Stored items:
_ _ _

lemma makefan_aux_SomeD:
  assumes "proper E \<phi>" "is_fan q E \<phi> x F" "z = last F"
    and "makefan_aux n q E \<phi> x C F z = Some (F', \<eta>, j)"
  shows "is_fan q E \<phi> x F' \<and> \<eta> \<in> C \<and> \<eta> \<in> missing q E \<phi> (last F') \<and>
    ((j = length F' \<and> \<eta> \<in> missing q E \<phi> x) \<or> (j < length F' \<and> \<phi> {x, F' ! j} = Some \<eta>))"
  using assms(2-4)
proof (induction n arbitrary: F z)
  case (Suc n)
  then have ne: "C \<inter> missing q E \<phi> z \<noteq> {}" by (auto split: if_splits)
  define e where "e = Min (missing q E \<phi> z \<inter> C)"
  have e: "e \<in> missing q E \<phi> z" "e \<in> C"
    using Min_missing_in[of q E \<phi> z C] ne unfolding e_def by blast+
  have step: "makefan_aux (Suc n) q E \<phi> x C F z =
    (if \<not> (\<exists>w. E x w \<and> \<phi> {x, w} = Some e) then Some (F, e, length F)
     else let w = (THE w. E x w \<and> \<phi> {x, w} = Some e) in
       if w \<in> set F then Some (F, e, LEAST i. i < length F \<and> F ! i = w)
       else makefan_aux n q E \<phi> x C (F @ [w]) w)"
    by (simp only: makefan_aux.simps Let_def e_def ne if_False)
  show ?case
  proof (cases "\<exists>w. E x w \<and> \<phi> {x, w} = Some e")
    case False
    with Suc.prems(3) step have "F' = F" "\<eta> = e" "j = length F" by auto
    with False Suc.prems(1,2) e show ?thesis by (auto simp: mem_missing_iff)
  next
    case True
    then obtain w where w: "E x w" "\<phi> {x, w} = Some e" by blast
    have found: "Some (F', \<eta>, j) =
      (if w \<in> set F then Some (F, e, LEAST i. i < length F \<and> F ! i = w)
       else makefan_aux n q E \<phi> x C (F @ [w]) w)"
      using Suc.prems(3) True unfolding step the_colored_neighbor[OF assms(1) w] by (simp add: Let_def)
    show ?thesis
    proof (cases "w \<in> set F")
      case True
      then have "\<exists>i. i < length F \<and> F ! i = w" by (metis in_set_conv_nth)
      from LeastI_ex[OF this] found True w Suc.prems(1,2) e show ?thesis by auto
    next
      case False
      with found have "makefan_aux n q E \<phi> x C (F @ [w]) w = Some (F', \<eta>, j)" by simp
      moreover have "is_fan q E \<phi> x (F @ [w])"
        using is_fan_snoc[OF Suc.prems(1) False w] e Suc.prems(2) by simp
      ultimately show ?thesis using Suc.IH by simp
    qed
  qed
qed simp

lemma vizing_chain_SomeE:
  assumes "proper E \<phi>" "E x y" "\<phi> {x, y} = None"
    and "vizing_chain q E \<phi> x y C l = Some ((F, P), \<alpha>)"
  obtains (fan) "is_fan q E \<phi> x F" "\<alpha> \<in> missing q E \<phi> (last F)"
      "P = [x]" "\<alpha> \<in> missing q E \<phi> x"
    | (path) j where "is_fan q E \<phi> x F" "\<alpha> \<in> missing q E \<phi> (last F)"
      "0 < j" "j < length F" "\<phi> {x, F ! j} = Some \<alpha>"
      "Min (missing q E \<phi> x \<inter> C) \<in> missing q E \<phi> x"
      "P = ab_walk l E \<phi> \<alpha> (Min (missing q E \<phi> x \<inter> C)) x"
proof -
  obtain F' \<eta> j where mf: "make_fan q E \<phi> x y C = Some (F', \<eta>, j)"
    using assms(4) unfolding vizing_chain_def by (auto split: option.splits)
  have "is_fan q E \<phi> x [y]" using assms(2,3) by (auto simp: is_fan_def)
  from makefan_aux_SomeD[OF assms(1) this _ mf[unfolded make_fan_def]]
  have mf_spec: "is_fan q E \<phi> x F'" "\<eta> \<in> missing q E \<phi> (last F')"
    "(j = length F' \<and> \<eta> \<in> missing q E \<phi> x) \<or> (j < length F' \<and> \<phi> {x, F' ! j} = Some \<eta>)"
    by auto
  have F: "F = F'" "\<alpha> = \<eta>"
    using assms(4) mf unfolding vizing_chain_def by (auto split: if_splits simp: Let_def)
  show thesis
  proof (cases "j = length F'")
    case True
    with assms(4) mf have "P = [x]" unfolding vizing_chain_def by simp
    with True mf_spec F fan show thesis by auto
  next
    case False
    with assms(4) mf have "missing q E \<phi> x \<inter> C \<noteq> {}"
      and "P = ab_walk l E \<phi> \<alpha> (Min (missing q E \<phi> x \<inter> C)) x"
      unfolding vizing_chain_def by (auto simp: Let_def F split: if_splits)
    moreover have "0 < j" using False mf_spec by (cases j) (auto simp: is_fan_def)
    ultimately show thesis
      using False mf_spec F Min_missing_in[of q E \<phi> x C] by (intro path[of j]) auto
  qed
qed

lemma happy_with_flip_shift_fan:
  assumes sym: "\<And>u v. E u v \<Longrightarrow> E v u" and "proper E \<phi>"
    and fan: "is_fan q E \<phi> x F" "x \<notin> set F" and j: "0 < j" "j < length F"
    and xj: "\<phi> {x, F ! j} = Some a" and a_last: "a \<in> missing q E \<phi> (last F)"
    and alt: "alternating E \<phi> a b P" "P ! 0 = x" "1 < length P"
    and b: "b \<in> missing q E \<phi> x"
  shows "happy_with q E (shift_fan (flip_path \<phi> a b P) x (take j F)) a x (F ! (j - 1))
       \<or> happy_with q E (shift_fan (flip_path \<phi> a b P) x F) a x (last F)"
proof -
  let ?\<phi>' = "flip_path \<phi> a b P"
  have F: "F \<noteq> []" "distinct F" "\<forall>g\<in>set F. E x g" using fan by (auto simp: is_fan_def)
  have "a \<noteq> b" using xj b F(3) j(2) by (auto simp: mem_missing_iff)
  moreover have "a \<in> {1..q}" using a_last by (simp add: mem_missing_iff)
  ultimately have a_x: "a \<in> missing q E ?\<phi>' x"
    using missing_flip_path_start[OF assms(2) alt] b by blast
  have a_prev: "a \<in> missing q E \<phi> (F ! (j - 1))"
    using fan j xj unfolding is_fan_def by fastforce
  have last_take: "last (take j F) = F ! (j - 1)"
    using j by (cases j) (auto simp: take_Suc_conv_app_nth)
  show ?thesis
  proof (cases "F ! (j - 1) \<in> set P")
    case False
    then have "happy_with q E (shift_fan ?\<phi>' x (take j F)) a x (last (take j F))"
      using fan F j a_x a_prev last_take missing_flip_path_outside[OF False]
      by (intro happy_with_shift_fan) (auto dest: in_set_takeD)
    with last_take show ?thesis by simp
  next
    case True
    have "x \<noteq> F ! (j - 1)" "x \<noteq> last F" using fan F j by auto
    then have "F ! (j - 1) = last P"
      using alternating_missing_last[OF sym alt(1) True] a_prev alt(2) by simp
    moreover have "F ! (j - 1) \<noteq> last F"
      using F j by (simp add: last_conv_nth nth_eq_iff_index_eq)
    ultimately have "last F \<notin> set P"
      using alternating_missing_last[OF sym alt(1) _ _ a_last] alt(2) \<open>x \<noteq> last F\<close> by auto
    then have "happy_with q E (shift_fan ?\<phi>' x F) a x (last F)"
      using F fan a_x a_last missing_flip_path_outside[OF \<open>last F \<notin> set P\<close>]
      by (intro happy_with_shift_fan) auto
    then show ?thesis by simp
  qed
qed

theorem lemma3p2:
  fixes V :: "'v set" and E :: "'v \<Rightarrow> 'v \<Rightarrow> bool" and \<phi> :: "'v coloring"
    and q l :: nat and C :: "nat set" and x y :: 'v
    and F P :: "'v list" and \<alpha> :: nat
  assumes "simple_graph V E"
    and "partial_coloring E q \<phi>" and "proper E \<phi>"
    and "E x y" and "\<phi> {x, y} = None"
    and "C \<subseteq> {1..q}"
    and "vizing_chain q E \<phi> x y C l = Some ((F, P), \<alpha>)"
  shows "let k = length F; s = length P - 1; \<beta> = Min (missing q E \<phi> x \<inter> C) in
     (P = [x] \<and>
        (let \<psi> = shift_fan \<phi> x F in
           happy q E \<psi> x (F ! (k - 1)) \<and>
           \<alpha> \<in> missing q E \<psi> x \<and> \<alpha> \<in> missing q E \<psi> (F ! (k - 1))))
   \<or> (s < l \<and> (\<exists>j < k. F ! j = P ! 1 \<and>
        (let \<psi> = shift_fan (flip_path \<phi> \<alpha> \<beta> P) x (take j F) in
           happy q E \<psi> x (F ! (j - 1)) \<and>
           \<alpha> \<in> missing q E \<psi> x \<and> \<alpha> \<in> missing q E \<psi> (F ! (j - 1)))))
   \<or> (s < l \<and>
        (let \<psi> = shift_fan (flip_path \<phi> \<alpha> \<beta> P) x F in
           happy q E \<psi> x (F ! (k - 1)) \<and>
           \<alpha> \<in> missing q E \<psi> x \<and> \<alpha> \<in> missing q E \<psi> (F ! (k - 1))))
   \<or> s = l"
proof -
  have sym: "\<And>u v. E u v \<Longrightarrow> E v u" and x_notin: "\<And>F. \<forall>g\<in>set F. E x g \<Longrightarrow> x \<notin> set F"
    using assms(1) unfolding simple_graph_def by blast+
  let ?\<beta> = "Min (missing q E \<phi> x \<inter> C)"
  from assms(3-5,7) show ?thesis
  proof (cases rule: vizing_chain_SomeE)
    case fan
    then have "happy_with q E (shift_fan \<phi> x F) \<alpha> x (last F)"
      using x_notin by (intro happy_with_shift_fan) (auto simp: is_fan_def)
    with fan show ?thesis by (simp add: happy_with_def last_conv_nth is_fan_def)
  next
    case (path j)
    show ?thesis
    proof (cases "length P - 1 < l")
      case True
      then have "0 < l" by simp
      moreover have "E x (F ! j)" using path(1,4) by (simp add: is_fan_def)
      ultimately obtain R where P: "P = x # F ! j # R"
        using ab_walk_colored_ConsE[OF assms(3) _ path(5)] path(7) by metis
      have "alternating E \<phi> \<alpha> ?\<beta> P" using alternating_ab_walk[OF assms(3)] path by simp
      then have "happy_with q E (shift_fan (flip_path \<phi> \<alpha> ?\<beta> P) x (take j F)) \<alpha> x (F ! (j - 1))
          \<or> happy_with q E (shift_fan (flip_path \<phi> \<alpha> ?\<beta> P) x F) \<alpha> x (last F)"
        using path(1-6) x_notin
        by (intro happy_with_flip_shift_fan[OF sym assms(3)]) (auto simp: P is_fan_def)
      moreover have "F ! (length F - 1) = last F" using path(1) by (simp add: is_fan_def last_conv_nth)
      ultimately show ?thesis
        using True path(4) unfolding happy_with_def Let_def by (auto simp: P)
    next
      case False
      then have "length P - 1 = l"
        using path length_ab_walk[of l E \<phi> \<alpha> ?\<beta> x] by simp
      then show ?thesis by simp
    qed
  qed
qed

end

_ _ _

> _What this task involves_
Reply with nothing but the number of lines in the entries that include "prems".

> _Solution for this problem_
5